Storing records

Save records into a local SQLite store across calls, read them back with db query, and manage the page cache.

linkedin has no bulk crawler: no sitemap seed, no queue, no drain. The way you build a dataset is to pass --save on the commands that support it, run them as many times as you like, and read the accumulated records back out with db. Everything lands in one SQLite file under your data dir.

Saving records

profile, company, and jobs --hydrate all take --save, which upserts each record into the store.
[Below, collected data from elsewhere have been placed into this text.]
(* Let $L,N$ be finite simplicial complexes, $\varphi: L\to N$ a surjective simplicial finite-fibration and $n\ge2$. Then $\mathrm{TC}_n(\varphi)\le\min\{\mathrm{TC}_n(L),\mathrm{TC}_n(N)\}$.
   Context: Simplicial complexes are abstract and edge-path connected; $K^n$ is the $n$-fold categorical product (vertex set $\mathrm{VX}(K)^n$; a set of vertices is a simplex iff each coordinate projection is a simplex). Simplicial maps $f,g: K\to K'$ are contiguous if $f(\sigma)\cup g(\sigma)$ is a simplex for every simplex $\sigma$; $f\sim g$ if joined by a finite chain of contiguous simplicial maps. $\mathrm{SD}(\varphi_1,\dots,\varphi_m)$ for simplicial maps $K\to K'$ is the least $k\ge0$ such that $K$ is a union of subcomplexes $K_0,\dots,K_k$ with $\varphi_i|_{K_j}\sim\varphi_l|_{K_j}$ for all $i,l,j$. With $p_i: K^n\to K$ the projections, $\mathrm{TC}_n(K)=\mathrm{SD}(p_1,\dots,p_n)$, and for surjective $\varphi: L\to N$, $\mathrm{TC}_n(\varphi)=\mathrm{SD}(\varphi\circ p_1,\dots,\varphi\circ p_n)$ with $p_i: L^n\to L$. $I_m$ is the complex with vertices $0,\dots,m$ and edges $\{i,i+1\}$; $\varphi: L\to N$ is a simplicial finite-fibration if for every finite complex $M$, $m\ge1$, inclusion $i: M\times\{0\}\to M\times I_m$ and simplicial $g: M\times\{0\}\to L$, $G: M\times I_m\to N$ with $\varphi\circ g=G\circ i$, there is simplicial $\widetilde G: M\times I_m\to L$ with $\widetilde G\circ i=g$, $\varphi\circ\widetilde G=G$. *)

theory Defs
  imports Main
begin
(* Let $q\ge2$ and $\mu,R>0$. There is no sequence of ID codes for $\Pi^q_{n_i}$, $i=1,2,\dots$, with $n_i\to\infty$, with $M_i\ge 2^{Rn_i^{q-1}}$ messages, and with type-I and type-II error probabilities satisfying $\lambda_{1,i}<n_i^{-\mu}$ and $\lambda_{2,i}<n_i^{-\mu}$ for all $i$.
   Context: Fix an integer $q\ge 2$ and let $\mathcal A_q=\{1,\dots,q\}$. For $n\ge 1$, $S_n$ is the symmetric group on $\{1,\dots,n\}$, and for $\mathbf x\in\mathcal A_q^n$, $\sigma\in S_n$, we write $\sigma\mathbf x=(x_{\sigma^{-1}(1)},\dots,x_{\sigma^{-1}(n)})$. The $n$-block $q$-ary uniform permutation channel $\Pi^q_n$ has input and output alphabet $\mathcal A_q^n$ and transition probabilities $\Pi^q_n(\mathbf y\mid\mathbf x)=\frac{1}{n!}\sum_{\sigma\in S_n}\mathbf 1\{\mathbf y=\sigma\mathbf x\}$; $\Pi^q$ denotes the family $(\Pi^q_n)_{n\ge1}$. An ID code (with deterministic decoders) with $M$ messages for $\Pi^q_n$ (an "$(n,M,\lambda_1,\lambda_2)$ ID code") is a family $\{(Q_i,\mathcal D_i)\}_{i=1}^M$ where each $Q_i$ is a probability distribution on $\mathcal A_q^n$ (the stochastic encoder of message $i$) and $\mathcal D_i\subseteq\mathcal A_q^n$ (the acceptance region of message $i$). Its error probabilities are $\lambda_{i\to j}=\sum_{\mathbf x}Q_i(\mathbf x)\sum_{\mathbf y\in\mathcal D_j}\Pi^q_n(\mathbf y\mid\mathbf x)$ for $i\ne j$ and $\lambda_{i\not\to i}=\sum_{\mathbf x}Q_i(\mathbf x)\sum_{\mathbf y\notin\mathcal D_i}\Pi^q_n(\mathbf y\mid\mathbf x)$; the type-I error probability is $\lambda_1=\max_i\lambda_{i\not\to i}$ and the type-II error probability is $\lambda_2=\max_{i\ne j}\lambda_{i\to j}$. *)

theory Defs
  imports "HOL-Analysis.Analysis" "HOL-Combinatorics.Permutations"
begin
(* Let $m,\mathfrak{m}\in\mathbb{N}$, let $f\in L^2([0,1];\mathbb{C}^m)$ be $\mathfrak{m}$-Fourier bandlimited, let $0<\alpha<\beta<1$, let $N>\mathfrak{m}$ be an integer, and set $$\sigma=\frac{(N-\mathfrak{m})^{\beta}}{\sqrt{6}\,\pi},\qquad r=\frac{3\pi}{(N-\mathfrak{m})^{\alpha}}.$$ Define $$\mathcal{R}_{r,\sigma}f(x)=\sum_{j=0}^{2N-1} f(j/2N)\,s_N(x-j/2N)\,\mathcal{G}_{r,\sigma}(x-j/2N),\qquad x\in[0,1].$$ Then there exists $C>0$ such that, for all sufficiently large $N$, $$\|f-\mathcal{R}_{r,\sigma}f\|_{L^2([0,1];\mathbb{C}^m)}\le C\,\widetilde{\mathcal{E}}(N,\mathfrak{m},\alpha,\beta)\,\|f\|_{L^2([0,1];\mathbb{C}^m)},$$ where $$\widetilde{\mathcal{E}}(N,\mathfrak{m},\alpha,\beta)=e^{-3\pi^2(N-\mathfrak{m})^{2(1-\beta)}}\max\{1,(N-\mathfrak{m})^{2\beta-1}\}+(N-\mathfrak{m})^{\alpha+\beta}e^{-3\pi^2(N-\mathfrak{m})^{2(\beta-\alpha)}}.$$
   Context: For $N\in\mathbb{N}$, $B_N=\{-N,-N+1,\dots,N-1\}\subset\mathbb{Z}$. Fourier coefficients of $f\in L^2([0,1];\mathbb{C}^m)$ are $\hat f(k)=\int_0^1 f(x)e^{-i2\pi kx}\,dx\in\mathbb{C}^m$. The function $f$ is $\mathfrak{m}$-Fourier bandlimited if $\hat f(k)=0$ for all $k\notin B_{\mathfrak{m}}$; such $f$ is identified with its continuous representative $\sum_{k\in B_{\mathfrak{m}}}\hat f(k)e^{i2\pi kx}$, regarded as a $1$-periodic function. The sampling function is $s_N(x)=\frac{1}{2N}\sum_{k=-N}^{N-1}e^{i2\pi kx}$. For $\sigma>0$, $\mathcal{G}_\sigma(x)=c(\sigma)\sum_{n\in\mathbb{Z}}e^{-n^2\sigma^{-2}/2}e^{i2\pi nx}$, where $c(\sigma)>0$ is the constant making $\mathcal{G}_\sigma(0)=1$. For $r\in(0,1/2)$, $\mathcal{G}_{r,\sigma}$ is the $1$-periodic function on $\mathbb{R}$ equal to $\mathcal{G}_\sigma(x)$ if $|x-k|\le r$ for some $k\in\mathbb{Z}$ and equal to $0$ otherwise. Arguments $x-j/2N$ are interpreted modulo $1$. *)

theory Defs
  imports "HOL-Analysis.Analysis"
begin

text \<open>Bandlimited vector-valued functions on the circle, identified with their
continuous representative: f x = sum over k in B_M of fhat k * e^(i 2 pi k x).\<close>
definition bandlimited :: "nat \<Rightarrow> (real \<Rightarrow> complex ^ 'm) \<Rightarrow> bool" where
  "bandlimited M f \<longleftrightarrow> (\<exists>c :: int \<Rightarrow> complex ^ 'm.
     \<forall>x. f x = (\<Sum>k\<in>{- int M..int M - 1}. exp (\<i> * of_real (2 * pi * of_int k * x)) *s c k))"

definition sampling_fun :: "nat \<Rightarrow> real \<Rightarrow> complex" where
  "sampling_fun N x = (1 / (2 * of_nat N)) *
     (\<Sum>k\<in>{- int N..int N - 1}. exp (\<i> * of_real (2 * pi * of_int k * x)))"
lemma character_flip:
  assumes "finite S"
  shows "(\<Prod>j\<in>S. flip k x j) = (if k \<in> S then - (\<Prod>j\<in>S. x j) else (\<Prod>j\<in>S. x j))"
proof (cases "k \<in> S")
  case True
  have "(\<Prod>j\<in>S - {k}. flip k x j) = (\<Prod>j\<in>S - {k}. x j)"
    by (rule prod.cong) (auto simp: flip_def)
  then show ?thesis
    using True assms by (simp add: prod.remove flip_def)
next
  case False
  have "(\<Prod>j\<in>S. flip k x j) = (\<Prod>j\<in>S. x j)"
    by (rule prod.cong) (use False in \<open>auto simp: flip_def\<close>)
  then show ?thesis
    using False by simp
qed

lemma sum_cube_flip:
  assumes "k < n"
  shows "(\<Sum>x\<in>cube n. h (flip k x)) = (\<Sum>x\<in>cube n. h x)"
  by (rule sum.reindex_bij_witness[of _ "flip k" "flip k"]) (use assms in \<open>auto simp: flip_in_cube\<close>)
Run them across a session and the store fills up:

linkedin company microsoft --save
linkedin company github --save
linkedin profile williamhgates --save
linkedin jobs "golang engineer" --hydrate --save -n 50

Because it is an upsert, re-running a command updates the existing row rather than duplicating it, so you can refresh a record later by saving it again (add --refresh to force a fresh fetch first).

Reading the store back

db works with the local SQLite store:

linkedin db path     # print the store file path
linkedin db count    # how many records are stored
linkedin db query    # read stored records back out

db query emits the stored records through the same formatter as everything else, so you can shape and pipe them:

linkedin db query --output jsonl | jq -r .name
linkedin db query --fields name,industry,employees

A small dataset, end to end

Building a slice of companies and their open roles looks like this:

linkedin company microsoft --posts --save
linkedin jobs "golang engineer" --location "United States" --hydrate --save -n 100
linkedin db query --output jsonl > dataset.jsonl

The page cache

Separate from the store, every fetch goes through an on-disk cache (content-addressed, gzip), so a repeat run does not re-fetch pages that have not changed. cache manages it:

linkedin cache path                                       # the cache directory path
linkedin cache info                                       # location, file count, size
linkedin cache clear                                      # remove every cached page

The cache TTL defaults to 24 hours. Bypass it for one run with --no-cache, or force a re-fetch with --refresh.

Where state lives

The store and cache both live under the data dir; point that elsewhere with --data-dir or LINKEDIN_DATA_DIR. The store file is fixed at <data-dir>/linkedin.db, so to keep one corpus per project, point --data-dir at a per-project directory. See configuration.